* Task requirements: The answer should consist of each line from the data below that includes "close".

Records shown Block Start

lemma prob_Inter_less_le:
  fixes W :: "'i \<Rightarrow> 'a \<Rightarrow> real"
  assumes indep: "indep_vars (\<lambda>_. borel) W I" and J: "J \<subseteq> I" "J \<noteq> {}" "finite J"
    and W_le: "\<And>j x. j \<in> J \<Longrightarrow> 0 < x \<Longrightarrow> prob {\<omega>\<in>space M. W j \<omega> < x} \<le> C j * x powr q j"
    and a: "\<And>j. j \<in> J \<Longrightarrow> 0 < a j" and s: "0 < s"
  shows "prob (\<Inter>j\<in>J. {\<omega>\<in>space M. W j \<omega> < a j * s})
    \<le> (\<Prod>j\<in>J. C j * a j powr q j) * s powr (\<Sum>j\<in>J. q j)"
proof -
  have "prob (\<Inter>j\<in>J. {\<omega>\<in>space M. W j \<omega> < a j * s}) = (\<Prod>j\<in>J. prob {\<omega>\<in>space M. W j \<omega> < a j * s})"
    by (rule prob_Inter_less_eq_prod[OF indep J])
  also have "\<dots> \<le> (\<Prod>j\<in>J. C j * (a j * s) powr q j)"
    by (intro prod_mono conjI measure_nonneg W_le) (use a s in auto)
  also have "\<dots> = (\<Prod>j\<in>J. C j * a j powr q j) * s powr (\<Sum>j\<in>J. q j)"
    using a s J by (simp add: powr_mult powr_sum prod.distrib less_imp_le mult.assoc)
  finally show ?thesis .
qed

lemma prob_Inter_less_ge:
  fixes W :: "'i \<Rightarrow> 'a \<Rightarrow> real"
  assumes indep: "indep_vars (\<lambda>_. borel) W I" and J: "J \<subseteq> I" "J \<noteq> {}" "finite J"
    and W_ge: "\<And>j. j \<in> J \<Longrightarrow> c j * t powr q j \<le> prob {\<omega>\<in>space M. W j \<omega> < t}"
    and c: "\<And>j. j \<in> J \<Longrightarrow> 0 \<le> c j" and t: "0 < t"
  shows "(\<Prod>j\<in>J. c j) * t powr (\<Sum>j\<in>J. q j) \<le> prob (\<Inter>j\<in>J. {\<omega>\<in>space M. W j \<omega> < t})"
proof -
  have "(\<Prod>j\<in>J. c j) * t powr (\<Sum>j\<in>J. q j) = (\<Prod>j\<in>J. c j * t powr q j)"
    using t J by (simp add: powr_sum prod.distrib)
  also have "\<dots> \<le> (\<Prod>j\<in>J. prob {\<omega>\<in>space M. W j \<omega> < t})"
    by (intro prod_mono conjI W_ge) (use c t in auto)
  also have "\<dots> = prob (\<Inter>j\<in>J. {\<omega>\<in>space M. W j \<omega> < t})"
    by (rule prob_Inter_less_eq_prod[OF indep J, symmetric])
  finally show ?thesis .
qed

lemma prob_order_stat_less_le:
  fixes W :: "nat \<times> nat \<Rightarrow> 'a \<Rightarrow> real" and Z :: "nat \<Rightarrow> 'a \<Rightarrow> real"
  assumes indep: "indep_vars (\<lambda>_. borel) W ({1..N} \<times> {0..K})"
    and W_le: "\<And>j x. j \<in> {1..N} \<times> {0..K} \<Longrightarrow> 0 < x
      \<Longrightarrow> prob {\<omega>\<in>space M. W j \<omega> < x} \<le> C j * x powr p (snd j)"
    and Z_less: "\<And>i k \<omega>. i \<in> {1..N} \<Longrightarrow> k \<in> {0..K} \<Longrightarrow> \<omega> \<in> space M \<Longrightarrow> Z i \<omega> < s \<Longrightarrow> W (i, k) \<omega> < a k * s"
    and a: "\<And>k. 0 < a k" and s: "0 < s" and n: "n \<in> {1..N}"
  shows "prob {\<omega>\<in>space M. order_stat N (\<lambda>i. Z i \<omega>) n < s}
    \<le> (\<Sum>S | S \<subseteq> {1..N} \<and> card S = n. \<Prod>j\<in>S \<times> {0..K}. C j * a (snd j) powr p (snd j))
        * s powr (real n * (\<Sum>k=0..K. p k))"
proof -
  define Ss where "Ss = {S. S \<subseteq> {1..N} \<and> card S = n}"
  define B where "B S = (\<Inter>j\<in>S \<times> {0..K}. {\<omega>\<in>space M. W j \<omega> < a (snd j) * s})" for S
  have Ss: "finite Ss" by (rule finite_subset[of _ "Pow {1..N}"]) (auto simp: Ss_def)
  have S: "S \<subseteq> {1..N}" "S \<noteq> {}" "finite S" "card S = n" if "S \<in> Ss" for S
    using that n by (auto simp: Ss_def intro: finite_subset)
  have W_meas: "W j \<in> borel_measurable M" if "j \<in> {1..N} \<times> {0..K}" for j
    using indep that unfolding indep_vars_def by auto
  have B_meas: "B S \<in> sets M" if "S \<in> Ss" for S
    unfolding B_def using S[OF that] W_meas by (intro sets.finite_INT) auto
  have cover: "{\<omega>\<in>space M. order_stat N (\<lambda>i. Z i \<omega>) n < s} \<subseteq> (\<Union>S\<in>Ss. B S)"
  proof
    fix \<omega> assume \<omega>: "\<omega> \<in> {\<omega>\<in>space M. order_stat N (\<lambda>i. Z i \<omega>) n < s}"
    then obtain S where S_in: "S \<in> Ss" and below: "\<forall>i\<in>S. Z i \<omega> < s"
      by (auto simp: Ss_def order_stat_less_iff_ex_subset[OF n])
    have "\<omega> \<in> B S"
      unfolding B_def using \<omega> S(1)[OF S_in] below by (auto intro!: Z_less)
    then show "\<omega> \<in> (\<Union>S\<in>Ss. B S)" using S_in by blast
  qed
  have prob_B: "prob (B S)
      \<le> (\<Prod>j\<in>S \<times> {0..K}. C j * a (snd j) powr p (snd j)) * s powr (real n * (\<Sum>k=0..K. p k))"
    if "S \<in> Ss" for S
  proof -
    have "prob (B S) \<le> (\<Prod>j\<in>S \<times> {0..K}. C j * a (snd j) powr p (snd j))
        * s powr (\<Sum>j\<in>S \<times> {0..K}. p (snd j))"
      unfolding B_def
      by (rule prob_Inter_less_le[OF indep]) (use S[OF that] a s in \<open>auto intro!: W_le\<close>)
    then show ?thesis using S[OF that] by (simp add: sum_snd_Times)
  qed
  have "prob {\<omega>\<in>space M. order_stat N (\<lambda>i. Z i \<omega>) n < s} \<le> prob (\<Union>S\<in>Ss. B S)"
    by (rule finite_measure_mono[OF cover]) (use Ss B_meas in auto)
  also have "\<dots> \<le> (\<Sum>S\<in>Ss. prob (B S))"
    by (rule finite_measure_subadditive_finite[OF Ss]) (use B_meas in auto)
  also have "\<dots> \<le> (\<Sum>S\<in>Ss. (\<Prod>j\<in>S \<times> {0..K}. C j * a (snd j) powr p (snd j))
      * s powr (real n * (\<Sum>k=0..K. p k)))"
    by (rule sum_mono[OF prob_B])
  finally show ?thesis by (simp add: Ss_def sum_distrib_right)
qed

lemma prob_order_stat_less_ge:
  fixes W :: "nat \<times> nat \<Rightarrow> 'a \<Rightarrow> real" and Z :: "nat \<Rightarrow> 'a \<Rightarrow> real"
  assumes indep: "indep_vars (\<lambda>_. borel) W ({1..N} \<times> {0..K})"
    and W_ge: "\<And>j x. j \<in> {1..N} \<times> {0..K} \<Longrightarrow> 0 < x \<Longrightarrow> x \<le> 1
      \<Longrightarrow> c j * x powr p (snd j) \<le> prob {\<omega>\<in>space M. W j \<omega> < x}"
    and c: "\<And>j. j \<in> {1..N} \<times> {0..K} \<Longrightarrow> 0 \<le> c j"
    and Z_meas: "\<And>i. i \<in> {1..N} \<Longrightarrow> Z i \<in> borel_measurable M"
    and less_Z: "\<And>i \<omega>. i \<in> {1..N} \<Longrightarrow> \<omega> \<in> space M \<Longrightarrow> \<forall>k\<in>{0..K}. W (i, k) \<omega> < t \<Longrightarrow> Z i \<omega> < s"
    and t: "0 < t" "t \<le> 1" and n: "n \<in> {1..N}"
  shows "(\<Prod>j\<in>{1..n} \<times> {0..K}. c j) * t powr (real n * (\<Sum>k=0..K. p k))
    \<le> prob {\<omega>\<in>space M. order_stat N (\<lambda>i. Z i \<omega>) n < s}"
proof -
  define B where "B = (\<Inter>j\<in>{1..n} \<times> {0..K}. {\<omega>\<in>space M. W j \<omega> < t})"
  have sub: "B \<subseteq> {\<omega>\<in>space M. order_stat N (\<lambda>i. Z i \<omega>) n < s}"
  proof
    fix \<omega> assume \<omega>: "\<omega> \<in> B"
    moreover have "(1, 0) \<in> {1..n} \<times> {0..K}" using n by auto
    ultimately have "\<omega> \<in> space M" unfolding B_def by blast
    moreover have "\<forall>i\<in>{1..n}. Z i \<omega> < s"
      using \<omega> n less_Z \<open>\<omega> \<in> space M\<close> by (auto simp: B_def)
    ultimately show "\<omega> \<in> {\<omega>\<in>space M. order_stat N (\<lambda>i. Z i \<omega>) n < s}"
      using n by (auto simp: order_stat_less_iff_ex_subset[OF n] intro!: exI[of _ "{1..n}"])
  qed
  have "(\<Prod>j\<in>{1..n} \<times> {0..K}. c j) * t powr (real n * (\<Sum>k=0..K. p k))
      = (\<Prod>j\<in>{1..n} \<times> {0..K}. c j) * t powr (\<Sum>j\<in>{1..n} \<times> {0..K}. p (snd j))"
    by (simp add: sum_snd_Times)
  also have "\<dots> \<le> prob B"
    unfolding B_def by (rule prob_Inter_less_ge[OF indep]) (use n t c in \<open>auto intro!: W_ge\<close>)
  also have "\<dots> \<le> prob {\<omega>\<in>space M. order_stat N (\<lambda>i. Z i \<omega>) n < s}"
    by (rule finite_measure_mono[OF sub])
      (use borel_measurable_order_stat[OF Z_meas n] in measurable)
  finally show ?thesis .
qed

(* If the n-th smallest Z i is below s, then for some n users every link gain W (i, k) lies below
   a k * s (union bound over the n-subsets); conversely it suffices that users 1, ..., n have all
   their link gains below s / d. *)
lemma lower_tail_exponent_order_stat:
  fixes W :: "nat \<times> nat \<Rightarrow> 'a \<Rightarrow> real" and Z :: "nat \<Rightarrow> 'a \<Rightarrow> real"
  assumes indep: "indep_vars (\<lambda>_. borel) W ({1..N} \<times> {0..K})"
    and W: "\<And>j. j \<in> {1..N} \<times> {0..K} \<Longrightarrow> lower_tail_exponent M (W j) (p (snd j))"
    and Z_meas: "\<And>i. i \<in> {1..N} \<Longrightarrow> Z i \<in> borel_measurable M"
    and Z_less: "\<And>i k \<omega> s. i \<in> {1..N} \<Longrightarrow> k \<in> {0..K} \<Longrightarrow> \<omega> \<in> space M \<Longrightarrow> Z i \<omega> < s
      \<Longrightarrow> W (i, k) \<omega> < a k * s"
    and less_Z: "\<And>i \<omega> s. i \<in> {1..N} \<Longrightarrow> \<omega> \<in> space M \<Longrightarrow> \<forall>k\<in>{0..K}. W (i, k) \<omega> < s
      \<Longrightarrow> Z i \<omega> < d * s"
    and a: "\<And>k. 0 < a k" and d: "1 \<le> d" and n: "n \<in> {1..N}"
  shows "lower_tail_exponent M (\<lambda>\<omega>. order_stat N (\<lambda>i. Z i \<omega>) n) (real n * (\<Sum>k=0..K. p k))"
proof -
  let ?E = "real n * (\<Sum>k=0..K. p k)"
  from lower_tail_exponent_constants[where J="{1..N} \<times> {0..K}" and X=W and p="\<lambda>j. p (snd j)", OF W]
  obtain C c where "\<forall>j\<in>{1..N} \<times> {0..K}. 0 < C j \<and> 0 < c j
    \<and> (\<forall>x>0. prob {\<omega>\<in>space M. W j \<omega> < x} \<le> C j * x powr p (snd j))
    \<and> (\<forall>x. 0 < x \<and> x \<le> 1 \<longrightarrow> c j * x powr p (snd j) \<le> prob {\<omega>\<in>space M. W j \<omega> < x})"
    by blast
  then have C_pos: "\<And>j. j \<in> {1..N} \<times> {0..K} \<Longrightarrow> 0 < C j"
    and c_pos: "\<And>j. j \<in> {1..N} \<times> {0..K} \<Longrightarrow> 0 < c j"
    and C: "\<And>j x. j \<in> {1..N} \<times> {0..K} \<Longrightarrow> 0 < x
      \<Longrightarrow> prob {\<omega>\<in>space M. W j \<omega> < x} \<le> C j * x powr p (snd j)"
    and c: "\<And>j x. j \<in> {1..N} \<times> {0..K} \<Longrightarrow> 0 < x \<Longrightarrow> x \<le> 1
      \<Longrightarrow> c j * x powr p (snd j) \<le> prob {\<omega>\<in>space M. W j \<omega> < x}"
    by blast+
  define B where "B = (\<Sum>S | S \<subseteq> {1..N} \<and> card S = n. \<Prod>j\<in>S \<times> {0..K}. C j * a (snd j) powr p (snd j))"
  define A where "A = (\<Prod>j\<in>{1..n} \<times> {0..K}. c j) * (1 / d) powr ?E"
  have "0 < B"
    unfolding B_def
  proof (rule sum_pos)
    show "finite {S. S \<subseteq> {1..N} \<and> card S = n}"
      by (rule finite_subset[of _ "Pow {1..N}"]) auto
    show "{S. S \<subseteq> {1..N} \<and> card S = n} \<noteq> {}"
      using n by (auto intro!: exI[of _ "{1..n}"])
    have "a k \<noteq> 0" for k using a[of k] by simp
    then show "0 < (\<Prod>j\<in>S \<times> {0..K}. C j * a (snd j) powr p (snd j))"
      if "S \<in> {S. S \<subseteq> {1..N} \<and> card S = n}" for S
      using that C_pos by (intro prod_pos mult_pos_pos) auto
  qed
  moreover have "0 < A"
    unfolding A_def using c_pos d n by (auto intro!: prod_pos mult_pos_pos)
  moreover have "prob {\<omega>\<in>space M. order_stat N (\<lambda>i. Z i \<omega>) n < s} \<le> B * s powr ?E" if "0 < s" for s
    unfolding B_def by (rule prob_order_stat_less_le[OF indep C Z_less a that n])
  moreover have "A * s powr ?E \<le> prob {\<omega>\<in>space M. order_stat N (\<lambda>i. Z i \<omega>) n < s}"
    if "0 < s" "s \<le> 1" for s
  proof -
    have "A * s powr ?E = (\<Prod>j\<in>{1..n} \<times> {0..K}. c j) * (s / d) powr ?E"
      using that d by (simp add: A_def powr_divide powr_one_eq_one divide_powr_uminus)
    also have "\<dots> \<le> prob {\<omega>\<in>space M. order_stat N (\<lambda>i. Z i \<omega>) n < s}"
    proof (rule prob_order_stat_less_ge[OF indep c _ Z_meas _ _ _ n])
      show "Z i \<omega> < s" if "i \<in> {1..N}" "\<omega> \<in> space M" "\<forall>k\<in>{0..K}. W (i, k) \<omega> < s / d" for i \<omega>
        using less_Z[OF that] d by simp
    qed (use c_pos that d in \<open>auto intro: less_imp_le\<close>)
    finally show ?thesis .
  qed
  ultimately show ?thesis
    unfolding lower_tail_exponent_def by blast
qed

Records shown Block End

* Task output:
      by (rule prob_Inter_less_le[OF indep]) (use S[OF that] a s in \<open>auto intro!: W_le\<close>)
      using \<omega> n less_Z \<open>\<omega> \<in> space M\<close> by (auto simp: B_def)
    unfolding B_def by (rule prob_Inter_less_ge[OF indep]) (use n t c in \<open>auto intro!: W_ge\<close>)
    qed (use c_pos that d in \<open>auto intro: less_imp_le\<close>)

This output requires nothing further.